# [Input material]
(* Let $q$ be a query program, $P$ a partial model, $\mathcal{T}$ a theory, and $P',\mathcal{T}'$ the partial model and theory produced by the witness-generation construction. If $M=\langle O_M,I_M,\mathcal{S}_M\rangle\in\mathit{solutions}(P,\mathcal{T})$, then there exist a renaming of variables $\mathit{rename}:\mathcal{X}\to\mathcal{X}$ stationary with respect to $\mathcal{T}$ and a model $M'\in\mathit{solutions}(P',\mathcal{T}')$ such that $M^{\mathit{rename}}\succcurlyeq M'$ and $\mathit{DS}_M(M)=\mathit{DS}_M(M')=g_{\mathrm{witness}}(M')$, where $\mathit{DS}_M(N)=\max_{k\vDash\mathcal{S}_{\mathrm{IPET}}\cup\mathcal{S}_{\mathrm{flow}}(N)}g_{\mathrm{IPET}}(k)$ and $g_{\mathrm{witness}}(N)=\max_{k\vDash\mathcal{S}_N}g_{\mathrm{IPET}}(k)$ for concrete $N$.
   Context: Linear systems. Fix a large finite reserve $\mathcal{X}$ of integer variables. A system of linear inequalities $\mathcal{S}$ is a finite set of inequalities $\sum_j a_{ij}x_j\le y_i$ (equations are written as pairs of inequalities). A valuation $k:\mathcal{X}\to\mathbb{Z}$ is a solution of $\mathcal{S}$ ($k\vDash\mathcal{S}$) if it satisfies all of them; $\mathcal{S}_1\vDash\mathcal{S}_2$ means every solution of $\mathcal{S}_1$ is a solution of $\mathcal{S}_2$. Models. A metamodel is a signature $\Sigma$ of unary class symbols, binary relation symbols, a unary existence symbol $\varepsilon$ and a binary equality symbol $\sim$. A (scoped) partial model $P=\langle O_P,I_P,\mathcal{S}_P\rangle$ consists of a finite object set $O_P$, a 3-valued interpretation $I_P(\sigma):O_P^{\mathrm{arity}(\sigma)}\to\{0,1,\tfrac12\}$ for each $\sigma\in\Sigma$ ($\tfrac12$ = unknown), and a scope $\mathcal{S}_P$ (a system of linear inequalities). $P$ is concrete if all values are $0$ or $1$, $I_P(\varepsilon)(o)=1$ for all $o$, $I_P(\sim)(o_1,o_2)=1$ iff $o_1=o_2$, and $\mathcal{S}_P$ has a solution. Refinement: for $\mathit{abs}:O_Q\to O_P$, $P\succcurlyeq_{\mathit{abs}}Q$ holds if for all $\sigma$ and tuples $\bar q$, $I_P(\sigma)(\mathit{abs}(\bar q))$ is $\tfrac12$ or equals $I_Q(\sigma)(\bar q)$; every $p$ with $I_P(\varepsilon)(p)=1$ has a preimage under $\mathit{abs}$; and $\mathcal{S}_Q\vDash\mathcal{S}_P$. $P\succcurlyeq Q$ if $P\succcurlyeq_{\mathit{abs}}Q$ for some $\mathit{abs}$. For a first-order predicate $\varphi$ over $\Sigma$ with free variables $v_1,\dots,v_n$ and a concrete model $M$, $M\#\varphi$ is the number of maps $Z:\{v_1,\dots,v_n\}\to O_M$ under which $\varphi$ is true in $M$. A theory $\mathcal{T}=\langle\Phi,r\rangle$ is a finite set $\Phi$ of predicates with a map $r:\Phi\to\mathcal{X}$; a concrete $M$ is compatible with it ($M\vDash\mathcal{T}$) if $\mathcal{S}_M\vDash r(\varphi)=M\#\varphi$ for all $\varphi\in\Phi$. $\mathit{solutions}(P,\mathcal{T})$ is the set of concrete models $M$ with $P\succcurlyeq M$ and $M\vDash\mathcal{T}$. Renaming. A map $\mathit{rename}:\mathcal{X}\to\mathcal{X}$ is a renaming of variables if it is bijective; it is stationary with respect to $\mathcal{T}=\langle\Phi,r\rangle$ if $\mathit{rename}(r(\varphi))=r(\varphi)$ for all $\varphi\in\Phi$. For a partial model $P=\langle O_P,I_P,\mathcal{S}_P\rangle$, its renaming is $P^{\mathit{rename}}=\langle O_P,I_P,\mathcal{S}_P^{\mathit{rename}}\rangle$, where $\mathcal{S}_P^{\mathit{rename}}$ is obtained from $\mathcal{S}_P$ by replacing each variable $x$ with $\mathit{rename}(x)$. Program and IPET. $q$ is a query program generated from a graph-query search plan: structured code of nested for-loops and if-statements, where each for-loop implements an extend constraint ($C(v)$ with $v$ new, or $R(v_i,v_j)$ with $v_j$ new; it iterates over all candidate bindings of the new variable) and each if-statement implements a check constraint ($C(v_i)$, $R(v_i,v_j)$, $v_i=v_j$, or their negations, over bound variables). $\mathit{BB}$ is its set of basic blocks; its weighted CFG is $\langle V,E,s,t,w,\mathit{tr}\rangle$ with edges $E\subseteq V\times V$, start/end $s,t$, weights $w:E\to\mathbb{N}$, traceability $\mathit{tr}:V\to\mathit{BB}$. $f:E\to\mathcal{X}$ assigns distinct variables to edges. $\mathcal{S}_{\mathrm{IPET}}$ contains $\sum_{e=\langle s,n\rangle}f(e)=1$, $\sum_{e=\langle n,t\rangle}f(e)=1$, flow conservation at every $n\ne s,t$, $-f(e)\le0$, and possibly further low-level flow facts. $g_{\mathrm{IPET}}(k)=\sum_{e\in E}w(e)k(f(e))$. Standing assumption (IPET safety): for every execution of $q$ along CFG path $\pi$, the valuation $k_\pi(f(e))=\pi\#e$ satisfies $\mathcal{S}_{\mathrm{IPET}}$ and the execution time is at most $g_{\mathrm{IPET}}(k_\pi)$. Basic block predicates. For $bb\in\mathit{BB}$, $\psi_{bb}$ is the conjunction of the atomic predicates of all for/if statements enclosing $bb$ (extend atoms without their existential quantifier; check literals as-is); $\psi_{bb}=\mathrm{true}$ if none. If $bb$ is the header of loop $\ell$, also $\psi'_{bb}=\psi_{bb}\wedge(\text{atom of }\ell)$. $\Psi$ is the set of all these predicates. By the structure of the generated code, in the run of $q$ on a concrete $M$, executions of a non-header $bb$ correspond one-to-one to matches of $\psi_{bb}$, and executions of a loop header $bb$ to matches of $\psi_{bb}$ plus matches of $\psi'_{bb}$. For concrete $M$, $\mathcal{S}_{\mathrm{flow}}(M)$ contains for each $bb$: $\sum_{e=\langle n_1,n_2\rangle\in E,\mathit{tr}(n_1)=bb}f(e)=M\#\psi_{bb}+M\#\psi'_{bb}$ (loop header) or $=M\#\psi_{bb}$ (otherwise). Witness generation. Given $P=\langle O_P,I_P,\mathcal{S}_P\rangle$ and $\mathcal{T}=\langle\Phi,r\rangle$ (with the range of $f$ disjoint from the range of $r$ and from the variables of $\mathcal{S}_P$), extend $r$ to $r'$ on $\Phi\cup\Psi$ by assigning to each $\psi\in\Psi$ a fresh distinct variable (not in the range of $f$, of $r$, or in $\mathcal{S}_P$). $\mathcal{S}_{\mathrm{merge}}$ contains for each $bb$: $r'(\psi_{bb})+r'(\psi'_{bb})-\sum_{e=\langle n_1,n_2\rangle\in E,\mathit{tr}(n_1)=bb}f(e)=0$ if $bb$ is a loop header, else $r'(\psi_{bb})-\sum_{e=\langle n_1,n_2\rangle\in E,\mathit{tr}(n_1)=bb}f(e)=0$. Set $P'=\langle O_P,I_P,\mathcal{S}_P\cup\mathcal{S}_{\mathrm{IPET}}\cup\mathcal{S}_{\mathrm{merge}}\rangle$ and $\mathcal{T}'=\langle\Phi\cup\Psi,r'\rangle$. *)

theory Defs
  imports Main "HOL-Library.FuncSet"
begin
lemma powr_add_le_add_powr:
  fixes x y r :: real
  assumes "0 \<le> x" "0 \<le> y" "0 < r" "r \<le> 1"
  shows "(x + y) powr r \<le> x powr r + y powr r"
proof (cases "x + y = 0")
  case False
  then have xy: "0 < x + y" using assms by auto
  have ge: "(x + y) powr r * (z / (x + y)) \<le> z powr r" if "0 \<le> z" "z \<le> x + y" for z
  proof -
    have "z / (x + y) \<le> (z / (x + y)) powr r"
      using that xy assms powr_mono'[of r 1 "z / (x + y)"] by (cases "z = 0") auto
    then have "(x + y) powr r * (z / (x + y)) \<le> (x + y) powr r * (z / (x + y)) powr r"
      by (rule mult_left_mono) simp
    then show ?thesis
      using that xy by (simp add: powr_divide)
  qed
  have "(x + y) powr r = (x + y) powr r * (x / (x + y)) + (x + y) powr r * (y / (x + y))"
    using xy by (simp flip: distrib_left add_divide_distrib)
  then show ?thesis
    using ge[of x] ge[of y] assms by linarith
qed (use assms in auto)

lemma add_powr_le_powr_add:
  fixes x y r :: real
  assumes "0 \<le> x" "0 \<le> y" "0 < r" "r \<le> 1"
  shows "x powr r + y powr r \<le> 2 powr (1 - r) * (x + y) powr r"
proof -
  have "(\<Sum>b\<in>UNIV. 1 * (if b then x else y) powr r) powr (1 / r)
      \<le> (\<Sum>b\<in>(UNIV :: bool set). 1) powr (1 / r - 1)
        * (\<Sum>b\<in>UNIV. 1 * ((if b then x else y) powr r) powr (1 / r))"
    using assms by (intro powr_weighted_sum_le) auto
  then have "(x powr r + y powr r) powr (1 / r) \<le> 2 powr (1 / r - 1) * (x + y)"
    using assms by (simp add: UNIV_bool powr_powr add.commute)
  then have "((x powr r + y powr r) powr (1 / r)) powr r \<le> (2 powr (1 / r - 1) * (x + y)) powr r"
    using assms by (intro powr_mono2) auto
  moreover have "(1 / r - 1) * r = 1 - r"
    using assms by (simp add: field_simps)
  ultimately show ?thesis
    using assms by (simp add: powr_powr powr_mult)
qed

section \<open>The function Psi\<close>

lemma Psi_nonneg_eq: "0 \<le> s \<Longrightarrow> Psi p s = s powr (p - 1)"
  using powr_add[of s "p - 2" 1] by (cases "s = 0") (auto simp: Psi_def)
lemma emeasure_often_covered_le:
  fixes C :: "nat \<Rightarrow> 'a set"
  assumes "\<And>i. i < k \<Longrightarrow> C i \<in> sets M"
  shows "of_nat N * emeasure M {x \<in> space M. N \<le> card {i. i < k \<and> x \<in> C i}}
           \<le> (\<Sum>i<k. emeasure M (C i))"
proof (cases "{x \<in> space M. N \<le> card {i. i < k \<and> x \<in> C i}} \<in> sets M")
  case True
  define E where "E = {x \<in> space M. N \<le> card {i. i < k \<and> x \<in> C i}}"
  have count: "of_nat N * indicator E x \<le> (\<Sum>i<k. indicator (C i) x :: ennreal)" for x
  proof -
    have "(\<Sum>i<k. indicator (C i) x :: ennreal) = of_nat (card ({..<k} \<inter> {i. x \<in> C i}))"
      unfolding indicator_def by simp
    also have "{..<k} \<inter> {i. x \<in> C i} = {i. i < k \<and> x \<in> C i}" by auto
    finally show ?thesis by (cases "x \<in> E") (simp_all add: E_def)
  qed
  have "of_nat N * emeasure M E = (\<integral>\<^sup>+x. of_nat N * indicator E x \<partial>M)"
    using True unfolding E_def by (rule nn_integral_cmult_indicator[symmetric])
  also have "\<dots> \<le> (\<integral>\<^sup>+x. (\<Sum>i<k. indicator (C i) x) \<partial>M)"
    by (intro nn_integral_mono count)
  also have "\<dots> = (\<Sum>i<k. emeasure M (C i))"
    using assms by (subst nn_integral_sum) (auto intro: sum.cong)
  finally show ?thesis unfolding E_def .
next
  case False
  then have "emeasure M {x \<in> space M. N \<le> card {i. i < k \<and> x \<in> C i}} = 0"
    by (rule emeasure_notin_sets)
  then show ?thesis by simp
qed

# [Exercise description]
Which of the lines above carry the string "shows"? Copy every one.

# [Answer space]
  shows "(x + y) powr r \<le> x powr r + y powr r"
  shows "x powr r + y powr r \<le> 2 powr (1 - r) * (x + y) powr r"
  shows "of_nat N * emeasure M {x \<in> space M. N \<le> card {i. i < k \<and> x \<in> C i}}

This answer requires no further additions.